Microsoft recently launched three new data centres in the country with an investment of ₹1,500 crore. The company is now working with the government to provide low-cost Internet using free TV airwaves with a technology called WhiteFi. Microsoft India Chairman Bhaskar Pramanik spoke to BusinessLine on the company’s plans to work on an extension of UID to create digital identity for all Indians and also shared his views on challenges in doing business in India. Excerpts from the interview:

How is the government’s push towards open source software impacting Microsoft?

Our Azure cloud platform is completely open and flexible. I think is not a debate between open source vs commercial software. I think the discussions should really focus on government procurement policy and technology neutrality.

But to use open source as a means for procurement is actually vitiating the whole purpose because you need technology neutrality, you want people to use best technology. That may not be open source. The previous procurement policy was pretty okay. But the current policy while it says it prefers it is open source, it says you have to give a reason why it is not open source. Which government servant is going to do that!

How has your growth been in India so far?

Our growth rates have been much above the market. In cloud itself, our growth is over 100 per cent. If you look at the cloud business, the overall market they say in 2015 is going to be about $840 million in a $50-billion market. So it is still very small. So for me, it is very small of my business but it is growing at 100 per cent.

My overall business is still growing higher than the market. Market growth rate for software is around 12-14 per cent. We are much higher than that.

I am not in a market share business. I am the big guy in the software. I am not that a big guy in the cloud market from a potential perspective. Now I’m bigger than Amazon and Google but they are very tiny in India. What we are looking at is how to expand the market. If I start looking at what’s going to happen, I don’t think even the Gartner figure of $844 million becoming $2 billion by 2018 is correct. I think it’s going to be much more. In fact Zinnov says it could be between $5 billion and $7 billion.

Given the myriad of business challenges in the country, what kind of investments are you planning to make here?

We are here for the long term. The intent is clear. The challenge is how to get it done. We are bullish, we are making investments ahead of time. The investment we have done in the cloud data centre is really something which I think is in that line.

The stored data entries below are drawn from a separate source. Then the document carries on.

(* Let $\mu,\sigma,r,c_s>0$ and $\theta\in\mathbb{R}$ be constants. Define \[F(x)=\int_0^\infty u^{\frac{r}{\mu}-1}e^{\sqrt{\frac{2\mu}{\sigma^2}}(x-\theta)u-\frac{u^2}{2}}\,du,\qquad G(x)=\int_0^\infty u^{\frac{r}{\mu}-1}e^{\sqrt{\frac{2\mu}{\sigma^2}}(\theta-x)u-\frac{u^2}{2}}\,du,\] $\psi(x)=F(x)/G(x)$ (a strictly increasing bijection from $\mathbb{R}$ onto $(0,\infty)$), $h_s(x)=e^x-c_s$, and \[H(z)=\begin{cases}\dfrac{h_s}{G}\circ\psi^{-1}(z), & z>0,\\[1mm] \lim_{x\to-\infty}\dfrac{(h_s(x))^+}{G(x)}, & z=0.\end{cases}\] Let $x_s$ be the unique root of $f_s(x)=(\mu\theta+\frac12\sigma^2-r)-\mu x+rc_se^{-x}$. Then $H$ is continuous on $[0,+\infty)$, twice differentiable on $(0,+\infty)$, and: (i) $H(0)=0$, $H(z)<0$ for $z\in(0,\psi(\ln c_s))$ and $H(z)>0$ for $z\in(\psi(\ln c_s),+\infty)$; (ii) $H$ is strictly increasing on $(\psi(\ln c_s),+\infty)$, and $H'(z)\to0$ as $z\to+\infty$; (iii) $H$ is convex on $(0,\psi(x_s)]$ and concave on $[\psi(x_s),+\infty)$.
   Context: $F$ and $G$ are the positive increasing and decreasing solutions of $\frac{\sigma^2}{2}u''+\mu(\theta-x)u'=ru$ (the generator of the OU process $dX_t=\mu(\theta-X_t)dt+\sigma dB_t$). *)

theory Defs
  imports "HOL-Analysis.Analysis"
begin

definition OU_F :: "real \<Rightarrow> real \<Rightarrow> real \<Rightarrow> real \<Rightarrow> real \<Rightarrow> real" where
  "OU_F mu sig theta r x =
     (LBINT u:{0<..}. u powr (r / mu - 1) *
        exp (sqrt (2 * mu / sig^2) * (x - theta) * u - u^2 / 2))"

definition OU_G :: "real \<Rightarrow> real \<Rightarrow> real \<Rightarrow> real \<Rightarrow> real \<Rightarrow> real" where
  "OU_G mu sig theta r x =
     (LBINT u:{0<..}. u powr (r / mu - 1) *
        exp (sqrt (2 * mu / sig^2) * (theta - x) * u - u^2 / 2))"

definition OU_psi :: "real \<Rightarrow> real \<Rightarrow> real \<Rightarrow> real \<Rightarrow> real \<Rightarrow> real" where
  "OU_psi mu sig theta r x = OU_F mu sig theta r x / OU_G mu sig theta r x"

definition h_s :: "real \<Rightarrow> real \<Rightarrow> real" where
  "h_s c x = exp x - c"

definition OU_H :: "real \<Rightarrow> real \<Rightarrow> real \<Rightarrow> real \<Rightarrow> real \<Rightarrow> real \<Rightarrow> real" where
  "OU_H mu sig theta r c z =
     (if z > 0 then
        (let x = inv (OU_psi mu sig theta r) z in h_s c x / OU_G mu sig theta r x)
      else Lim at_bot (\<lambda>x. max 0 (h_s c x) / OU_G mu sig theta r x))"

definition f_s :: "real \<Rightarrow> real \<Rightarrow> real \<Rightarrow> real \<Rightarrow> real \<Rightarrow> real \<Rightarrow> real" where
  "f_s mu sig theta r c x = (mu * theta + sig^2 / 2 - r) - mu * x + r * c * exp (- x)"

definition x_s :: "real \<Rightarrow> real \<Rightarrow> real \<Rightarrow> real \<Rightarrow> real \<Rightarrow> real" where
  "x_s mu sig theta r c = (THE x. f_s mu sig theta r c x = 0)"

end

theory Submission
  imports Defs "HOL-Real_Asymp.Real_Asymp"
begin

text \<open>
  With k = sqrt (2 mu / sig^2) and a = r / mu - 1, F and G are the Gaussian moments
  M_a(y) = int_0^oo u^a exp (y u - u^2/2) du evaluated at k (x - theta) and k (theta - x).
  Differentiating under the integral raises the order of the moment, and integration by
  parts gives the recurrence M_(a+2) = y M_(a+1) + (a+1) M_a, which is exactly the ODE
  u'' = beta (x - theta) u' + rho u (the OU equation scaled by 2 / sig^2).
  With x = psi^-1 z and W = F' G - F G' the Wronskian, the chain rule gives
  H'(z) = (h' G - h G') / W; differentiating once more, the ODE for F and G collapses the
  numerator to G L h with L h = h'' - beta (x - theta) h' - rho h = (2 / sig^2) e^x f_s(x).
  So H'' has the sign of f_s, which is strictly decreasing with root x_s.
  Where h >= 0 both terms of H' are positive and bounded by e^x / F' + e^x / F, which tends
  to 0 because the moments grow like exp (y^2 / 2).
\<close>

section \<open>Gaussian moments\<close>

definition gauss_moment :: "real \<Rightarrow> real \<Rightarrow> real" where
  "gauss_moment a y = (LBINT u:{0<..}. u powr a * exp (y * u - u\<^sup>2 / 2))"

lemma set_integrable_powr_div_exp:
  assumes "a > -1"
  shows "set_integrable lborel {0<..} (\<lambda>u::real. u powr a / exp u)"
proof -
  have "((\<lambda>t. t powr a / exp t) has_integral Gamma (a + 1)) {0..}"
    using Gamma_integral_real[of "a + 1"] assms by simp
  then have "(\<lambda>t. t powr a / exp t) absolutely_integrable_on {0..}"
    by (intro nonnegative_absolutely_integrable_1) (auto simp: has_integral_integrable)
  then have "set_integrable lebesgue {0..} (\<lambda>t::real. t powr a / exp t)"
    by (simp add: absolutely_integrable_on_def)
  then have "set_integrable lebesgue {0<..} (\<lambda>t::real. t powr a / exp t)"
    by (rule set_integrable_subset) auto
  then show ?thesis
    unfolding set_integrable_def
    by (subst (asm) integrable_completion)
       (auto intro!: borel_measurable_continuous_on_indicator continuous_intros)
qed

lemma gauss_moment_integrable:
  assumes "a > -1"
  shows "set_integrable lborel {0<..} (\<lambda>u::real. u powr a * exp (y * u - u\<^sup>2 / 2))"
proof (rule set_integrable_bound[OF set_integrable_mult_right[OF set_integrable_powr_div_exp[OF assms]]])
  show "set_borel_measurable lborel {0<..} (\<lambda>u::real. u powr a * exp (y * u - u\<^sup>2 / 2))"
    unfolding set_borel_measurable_def
    by (auto intro!: borel_measurable_continuous_on_indicator continuous_intros)
  have "norm (u powr a * exp (y * u - u\<^sup>2 / 2)) \<le> norm (exp ((y + 1)\<^sup>2 / 2) * (u powr a / exp u))"
    if "u > 0" for u :: real
  proof -
    have "y * u - u\<^sup>2 / 2 \<le> (y + 1)\<^sup>2 / 2 - u"
      using sum_squares_ge_zero[of "u - (y + 1)" 0] by (simp add: power2_eq_square algebra_simps)
    then have "exp (y * u - u\<^sup>2 / 2) \<le> exp ((y + 1)\<^sup>2 / 2 - u)"
      by simp
    also have "\<dots> = exp ((y + 1)\<^sup>2 / 2) / exp u"
      by (rule exp_diff)
    finally have "u powr a * exp (y * u - u\<^sup>2 / 2) \<le> u powr a * (exp ((y + 1)\<^sup>2 / 2) / exp u)"
      by (rule mult_left_mono) simp
    then show ?thesis
      by (simp add: mult.commute)
  qed
  then show "AE u in lborel. u \<in> {0<..} \<longrightarrow>
      norm (u powr a * exp (y * u - u\<^sup>2 / 2)) \<le> norm (exp ((y + 1)\<^sup>2 / 2) * (u powr a / exp u))"
    by auto
qed

lemma abs_exp_minus_one_minus_le: "\<bar>exp t - 1 - t\<bar> \<le> t\<^sup>2 * exp \<bar>t\<bar>"
  for t :: real
proof -
  obtain s where s: "\<bar>s\<bar> \<le> \<bar>t\<bar>" and taylor: "exp t = 1 + t + exp s / 2 * t\<^sup>2"
    using Maclaurin_exp_le[of t 2] by (auto simp: numeral_2_eq_2)
  have "exp s \<le> exp \<bar>t\<bar>"
    using s by simp
  then have "exp s / 2 \<le> exp \<bar>t\<bar>"
    using exp_gt_zero[of s] by linarith
  then have "exp s / 2 * t\<^sup>2 \<le> exp \<bar>t\<bar> * t\<^sup>2"
    by (rule mult_right_mono) simp
  then show ?thesis
    using taylor by (simp add: mult.commute)
qed

lemma gauss_integrand_diff_quotient_bound:
  fixes u h y a :: real
  assumes u: "u > 0" and h: "h \<noteq> 0" "\<bar>h\<bar> < 1"
  shows "\<bar>(u powr a * exp ((y + h) * u - u\<^sup>2 / 2) - u powr a * exp (y * u - u\<^sup>2 / 2)) / h
            - u powr (a + 1) * exp (y * u - u\<^sup>2 / 2)\<bar>
         \<le> \<bar>h\<bar> * (u powr (a + 2) * exp ((y + 1) * u - u\<^sup>2 / 2))"
proof -
  define E where "E = exp (y * u - u\<^sup>2 / 2)"
  define t where "t = h * u"
  have E: "E > 0"
    by (simp add: E_def)
  have "(u powr a * exp ((y + h) * u - u\<^sup>2 / 2) - u powr a * exp (y * u - u\<^sup>2 / 2)) / h
        - u powr (a + 1) * exp (y * u - u\<^sup>2 / 2) = u powr a * E * (exp t - 1 - t) / h"
    using u h by (simp add: E_def t_def powr_add exp_add[symmetric] field_simps)
  also have "\<bar>\<dots>\<bar> = u powr a * E * \<bar>exp t - 1 - t\<bar> / \<bar>h\<bar>"
    using E u by (simp add: abs_mult)
  also have "\<dots> \<le> u powr a * E * (t\<^sup>2 * exp u) / \<bar>h\<bar>"
  proof -
    have "exp \<bar>t\<bar> \<le> exp u"
      using u h by (simp add: t_def abs_mult mult_left_le_one_le)
    then have "\<bar>exp t - 1 - t\<bar> \<le> t\<^sup>2 * exp u"
      using abs_exp_minus_one_minus_le[of t] mult_left_mono[of "exp \<bar>t\<bar>" "exp u" "t\<^sup>2"] by simp
    then show ?thesis
      using E u by (intro divide_right_mono mult_left_mono) auto
  qed
  also have "\<dots> = \<bar>h\<bar> * (u powr (a + 2) * exp ((y + 1) * u - u\<^sup>2 / 2))"
    using u h by (simp add: E_def t_def powr_add exp_add[symmetric] power2_eq_square abs_mult field_simps)
  finally show ?thesis .
qed

lemma gauss_moment_has_real_derivative:
  assumes a: "a > -1"
  shows "(gauss_moment a has_real_derivative gauss_moment (a + 1) y) (at y)"
proof -
  let ?P = "\<lambda>a y u::real. u powr a * exp (y * u - u\<^sup>2 / 2)"
  have int: "set_integrable lborel {0<..} (?P b z)" if "b > -1" for b z
    using gauss_moment_integrable[OF that] .
  have "norm ((gauss_moment a (y + h) - gauss_moment a y) / h - gauss_moment (a + 1) y)
          \<le> \<bar>h\<bar> * gauss_moment (a + 2) (y + 1)"
    if h: "h \<noteq> 0" "\<bar>h\<bar> < 1" for h
  proof -
    define D where "D = (\<lambda>u. (?P a (y + h) u - ?P a y u) / h - ?P (a + 1) y u)"
    have iD: "set_integrable lborel {0<..} D"
      unfolding D_def using a by (intro set_integral_diff(1) set_integrable_divide int) auto
    have "(gauss_moment a (y + h) - gauss_moment a y) / h - gauss_moment (a + 1) y
          = (LBINT u:{0<..}. D u)"
      unfolding D_def gauss_moment_def using a
      by (simp add: set_integral_diff(2) set_integrable_divide int)
    also have "norm \<dots> \<le> (LBINT u:{0<..}. norm (D u))"
      by (rule set_integral_norm_bound[OF iD])
    also have "\<dots> \<le> (LBINT u:{0<..}. \<bar>h\<bar> * ?P (a + 2) (y + 1) u)"
      using a
      by (intro set_integral_mono set_integrable_norm iD set_integrable_mult_right int)
         (auto simp: D_def intro!: gauss_integrand_diff_quotient_bound h)
    finally show ?thesis
      by (simp add: gauss_moment_def)
  qed
  then have "\<forall>\<^sub>F h in at 0. norm ((gauss_moment a (y + h) - gauss_moment a y) / h - gauss_moment (a + 1) y)
               \<le> \<bar>h\<bar> * gauss_moment (a + 2) (y + 1)"
    unfolding eventually_at by (intro exI[of _ 1]) auto
  then have "((\<lambda>h. (gauss_moment a (y + h) - gauss_moment a y) / h - gauss_moment (a + 1) y) \<longlongrightarrow> 0) (at 0)"
    by (rule Lim_null_comparison) (auto intro!: tendsto_eq_intros)
  then show ?thesis
    unfolding DERIV_def by (simp add: LIM_zero_iff)
qed

lemma gauss_moment_recurrence:
  assumes a: "a > -1"
  shows "gauss_moment (a + 2) y = y * gauss_moment (a + 1) y + (a + 1) * gauss_moment a y"
proof -
  let ?P = "\<lambda>a u::real. u powr a * exp (y * u - u\<^sup>2 / 2)"
  define f where "f = (\<lambda>u. (a + 1) * ?P a u + y * ?P (a + 1) u - ?P (a + 2) u)"
  have int: "set_integrable lborel {0<..} (?P b)" if "b > -1" for b
    using gauss_moment_integrable[OF that] .
  have f_int: "set_integrable lborel (einterval 0 \<infinity>) f"
    unfolding f_def zero_ereal_def einterval_eq using a
    by (intro set_integral_diff(1) set_integral_add(1) set_integrable_mult_right int) auto
  have "(LBINT u=0..\<infinity>. f u) = 0 - 0"
  proof (rule interval_integral_FTC_integrable[OF _ _ _ f_int, where F = "?P (a + 1)"])
    fix x :: real
    assume "0 < ereal x" "ereal x < \<infinity>"
    then have x: "x > 0"
      by simp
    have "x powr (a + 2) = x powr (a + 1) * x"
      using x powr_add[of x "a + 1" 1] by (simp add: add.assoc)
    then have "(?P (a + 1) has_real_derivative f x) (at x)"
      using x by (auto intro!: derivative_eq_intros simp: f_def power2_eq_square algebra_simps)
    then show "(?P (a + 1) has_vector_derivative f x) (at x)"
      by (simp add: has_real_derivative_iff_has_vector_derivative)
    show "isCont f x"
      unfolding f_def using x by (auto intro!: continuous_intros)
  next
    have "(?P (a + 1) \<longlongrightarrow> 0 * exp (y * 0 - 0\<^sup>2 / 2)) (at_right 0)"
      using a by (intro tendsto_mult tendsto_zero_powrI tendsto_intros)
                 (auto simp: eventually_at_filter)
    then show "((?P (a + 1) \<circ> real_of_ereal) \<longlongrightarrow> 0) (at_right 0)"
      unfolding zero_ereal_def ereal_tendsto_simps by simp
    show "((?P (a + 1) \<circ> real_of_ereal) \<longlongrightarrow> 0) (at_left \<infinity>)"
      unfolding ereal_tendsto_simps by real_asymp
  qed simp
  then have "(LBINT u:{0<..}. f u) = 0"
    by (simp add: interval_lebesgue_integral_0_infty)
  moreover have "(LBINT u:{0<..}. f u)
      = (a + 1) * gauss_moment a y + y * gauss_moment (a + 1) y - gauss_moment (a + 2) y"
    unfolding f_def gauss_moment_def using a
    by (simp add: set_integral_diff(2) set_integral_add(2) set_integrable_mult_right int)
  ultimately show ?thesis
    by simp
qed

I like Digital India, I like the focus on the citizens rather than on the government. I think they understand the challenges and they want private and public participation. So I'm willing to invest, like we've done. So we're not waiting for perfection and going ahead with what we have.

We believe for a software company, there are only two things that can be done for Make in India. First, to set up development centres — which we already have in India. And second is to set up cloud data centres because those are the factories where the data resides. We've done both as we've taken a leap of faith.

Do you believe things have improved from an ease-of-doing-business perspective?

The Government is getting pragmatic. They just need to make sure that it goes right down. Ease of doing business is not where it should be. All of us have tax issues in some forms or the other. But the IT industry is primarily transfer price related, especially for a software company. The complexity of taxes is still huge. Today, when you buy a software product, you actually pay two taxes — service tax and VAT. And the reason for that is because everyone wants to play it safe because they don't know who in what jurisdiction will interpret what as what.

Therefore, I think lack of clarity is an issue and if you go to the government, they say GST is coming, we'll take care of all of those issues. Ease of doing business is a challenge and that's something we need to focus on.

You’ve been testing WhiteFi technology in Andhra Pradesh. How have the pilots gone so far?

The pilots worked out pretty well. We set it up in a district called Srikakulam, connected four schools together. So far we believe this is the lowest cost access methodology. We have 2G, 3G, drones, balloons, but this is technology. This technology can be rapidly rolled out. The cost is very low. The whole pilot in four schools for 600 students in Andhra Pradesh cost us not more than ₹1 lakh.

What is Microsoft’s contribution to Digital India?

We are looking at various possibilities. We haven’t yet been able to come out with what the final thing will look like. The digital locker is perhaps one way of doing it because you need to have something that the citizen controls and not somebody else. So we are looking at the different possibilities and if that can be used and extended across financial, commercial and government services.

In your RoC statement, you said you'll be investing ₹1,500 crore in data centers. How much have you invested? How would local data centres benefit your business?

We are in the ball park of that. The only requirement that they (regulators) have from a BFSI perspective is that they said data should be resident in India and if you have to move data elsewhere, you have to take the government’s permission. The regulation never said you can’t do it. So we solved that problem by setting up the data centres here. It is a huge investment but I believe it is worth it.